Grafik zeigt Sonne und praktisch identischen 55 Cancri als gelbe Kugeln, davor als schwarze Flecken Erde und Jupiter bzw. 55 Cancri e Ähnlichkeit mit einer glühenden Kanonenkugel dürfte ein Planet bei einem Nachbarstern der Sonne aufweisen. Amerikanische und kanadische Forscher haben ermittelt, dass das rasende Objekt gut 700 Prozent mehr Masse besitzt als die Erde, aber nur etwa 60 Prozent größer ist. Seine Dichte liegt daher deutlich über der von Eisen.

Grafik: Jason Rowe, NASA Ames and SETI Institute and Prof. Jaymie Matthews, UBC

Sollte es reines Eisen an der Oberfläche der „Supererde“ geben, würde es zudem im flüssigen Zustand vorliegen, glauben Joshua Winn vom Massachusetts Institute of Technology und seine Kollegen. Aufgrund des geringen Abstands des Planeten zu seinem Stern dürfte die Temperatur an seiner Oberfläche bis zu 2.700 Grad Celsius betragen. „Das ist kein Ort, an dem ein Astrobiologe nach Leben suchen würde“, so Winn.

Der heiße Planet umkreist den Stern 55 Cancri – rund 41 Lichtjahre von der Sonne entfernt im Sternbild Krebs gelegen. In den letzten 15 Jahren sind dort nicht weniger als fünf Planeten entdeckt worden. Die Gruppe um Winn und seinen Kollegen Jaymie Matthews von der University of British Columbia nutzte nun den kanadischen Satelliten MOST, um nach Helligkeitsschwankungen des Sterns zu fahnden, wie sie auf Durchgänge eines dieser Planeten durch die Sichtlinie zur Erde zurückgehen könnten – und wurde fündig.

Es zeigte sich, dass die Helligkeit des Sterns im Takt von knapp 18 Stunden kurzzeitig abnimmt. Dieser Wert entspricht der Umlaufdauer von 55 Cancri e, einem Planeten von gut acht Erdmassen. Anhand von Dauer und Form der Helligkeitseinbrüche ermittelten die Forscher, dass dieser Planet das 1,6-Fache des Erdradius aufweist. Seine Dichte beträgt somit gut 11 Tonnen pro Kubikmeter – höher als bei jedem anderen bekannten Planeten und doppelt so hoch wie die Dichte der Erde.

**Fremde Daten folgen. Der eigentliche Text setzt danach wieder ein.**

(* Let $\alpha,\alpha'\in(0,1)$ with $\alpha>\alpha'$, and let $\mathcal M_\alpha$ and $\mathcal M_{\alpha'}$ denote the sets of mechanisms that are undominated with respect to $\mathrm{RS}_\alpha$ and $\mathrm{RS}_{\alpha'}$ respectively. Then $\mathcal M_{\alpha'}\subseteq\mathcal M_\alpha$.
   Context: Setting. Let $\Theta=[\underline\theta,\overline\theta]$ with $0<\underline\theta<\overline\theta$. Let $c>0$ and let $P:\mathbb R_+\to\mathbb R_+$ be continuous and strictly decreasing with $P(\overline q)=0$ for some $\overline q>0$. Put $V(q)=\int_0^q P(z)\,dz$ and $\mathrm{TS}(\theta,q)=V(q)-c-\theta q$ for $q>0$, $\mathrm{TS}(\theta,0)=0$. Assume (A2): $\mathrm{TS}(\overline\theta,P^{-1}(\overline\theta))>0$. A mechanism is a triple $M=(r,q,u)$ of functions $r:\Theta\to[0,1]$, $q:\Theta\to[0,\overline q]$, $u:\Theta\to\mathbb R$ with $q(\theta)=0$ if and only if $r(\theta)=0$. It is IC if $u(\theta)\ge u(\theta')+(\theta'-\theta)q(\theta')r(\theta')$ for all $\theta,\theta'\in\Theta$, and IR if $u(\theta)\ge 0$ for all $\theta$. (Known fact: $M$ is IC iff $\theta\mapsto q(\theta)r(\theta)$ is nonincreasing and $u(\theta)=u(\overline\theta)+\int_\theta^{\overline\theta}q(z)r(z)\,dz$ for all $\theta$; an IC mechanism is IR iff $u(\overline\theta)\ge0$.) For a weight $\beta\in[0,1)$, the regulator's surplus at $\theta$ is $\mathrm{RS}_\beta(\theta,M)=r(\theta)\,\mathrm{TS}(\theta,q(\theta))-(1-\beta)u(\theta)$. An IC and IR mechanism $\tilde M$ dominates an IC and IR mechanism $M$ with respect to $\mathrm{RS}_\beta$ if $\mathrm{RS}_\beta(\theta,\tilde M)\ge \mathrm{RS}_\beta(\theta,M)$ for all $\theta\in\Theta$ with strict inequality for some $\theta$; $M$ is undominated (w.r.t. $\mathrm{RS}_\beta$) if it is IC, IR and not dominated in this sense by any IC and IR mechanism. *)

theory Defs
  imports "HOL-Analysis.Analysis"
begin

text \<open>Type parameter space Theta = {lo..hi}. A mechanism is a triple (r, q, u) of
  real functions; only their values on Theta matter.\<close>

type_synonym mech = "(real \<Rightarrow> real) \<times> (real \<Rightarrow> real) \<times> (real \<Rightarrow> real)"

definition V :: "(real \<Rightarrow> real) \<Rightarrow> real \<Rightarrow> real" where
  "V P q = integral {0..q} P"

definition TS :: "(real \<Rightarrow> real) \<Rightarrow> real \<Rightarrow> real \<Rightarrow> real \<Rightarrow> real" where
  "TS P c \<theta> q = (if q = 0 then 0 else V P q - c - \<theta> * q)"

definition is_mechanism :: "real \<Rightarrow> real \<Rightarrow> real \<Rightarrow> mech \<Rightarrow> bool" where
  "is_mechanism lo hi qbar M = (case M of (r, q, u) \<Rightarrow>
     (\<forall>\<theta>\<in>{lo..hi}. r \<theta> \<in> {0..1} \<and> q \<theta> \<in> {0..qbar} \<and> (q \<theta> = 0 \<longleftrightarrow> r \<theta> = 0)))"

definition IC :: "real \<Rightarrow> real \<Rightarrow> mech \<Rightarrow> bool" where
  "IC lo hi M = (case M of (r, q, u) \<Rightarrow>
     (\<forall>\<theta>\<in>{lo..hi}. \<forall>\<theta>'\<in>{lo..hi}. u \<theta> \<ge> u \<theta>' + (\<theta>' - \<theta>) * q \<theta>' * r \<theta>'))"

definition IR :: "real \<Rightarrow> real \<Rightarrow> mech \<Rightarrow> bool" where
  "IR lo hi M = (case M of (r, q, u) \<Rightarrow> (\<forall>\<theta>\<in>{lo..hi}. u \<theta> \<ge> 0))"

definition admissible :: "real \<Rightarrow> real \<Rightarrow> real \<Rightarrow> mech \<Rightarrow> bool" where
  "admissible lo hi qbar M = (is_mechanism lo hi qbar M \<and> IC lo hi M \<and> IR lo hi M)"

definition RS :: "(real \<Rightarrow> real) \<Rightarrow> real \<Rightarrow> real \<Rightarrow> real \<Rightarrow> mech \<Rightarrow> real" where
  "RS P c \<beta> \<theta> M = (case M of (r, q, u) \<Rightarrow> r \<theta> * TS P c \<theta> (q \<theta>) - (1 - \<beta>) * u \<theta>)"

definition dominates ::
  "(real \<Rightarrow> real) \<Rightarrow> real \<Rightarrow> real \<Rightarrow> real \<Rightarrow> real \<Rightarrow> real \<Rightarrow> mech \<Rightarrow> mech \<Rightarrow> bool" where
  "dominates P c lo hi qbar \<beta> M' M =
     (admissible lo hi qbar M' \<and> admissible lo hi qbar M \<and>
      (\<forall>\<theta>\<in>{lo..hi}. RS P c \<beta> \<theta> M' \<ge> RS P c \<beta> \<theta> M) \<and>
      (\<exists>\<theta>\<in>{lo..hi}. RS P c \<beta> \<theta> M' > RS P c \<beta> \<theta> M))"

definition undominated ::
  "(real \<Rightarrow> real) \<Rightarrow> real \<Rightarrow> real \<Rightarrow> real \<Rightarrow> real \<Rightarrow> real \<Rightarrow> mech \<Rightarrow> bool" where
  "undominated P c lo hi qbar \<beta> M =
     (admissible lo hi qbar M \<and> \<not> (\<exists>M'. dominates P c lo hi qbar \<beta> M' M))"

end

theory Submission
  imports Defs
begin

Himmelskarte mit Horizont und Sternbildern, darin markiert die Position von 55 Cancri Grafik: Prof. Jaymie Matthews, UBC

Für Planetenforscher stelle 55 Cancri e einen echten Glücksfall dar, betont Winn. Das ergebe sich schon aus der Helligkeit des Zentralgestirns, die eine Reihe hochpräziser Messungen ermögliche. Zusätzliche Faszination verdanke das System der Tatsache, dass der Stern mit bloßem Auge am Nachthimmel zu erkennen sei. „Es ist wunderbar, auf einen Stern zeigen und Masse und Radius eines seiner Planeten nennen zu können“, so der Forscher.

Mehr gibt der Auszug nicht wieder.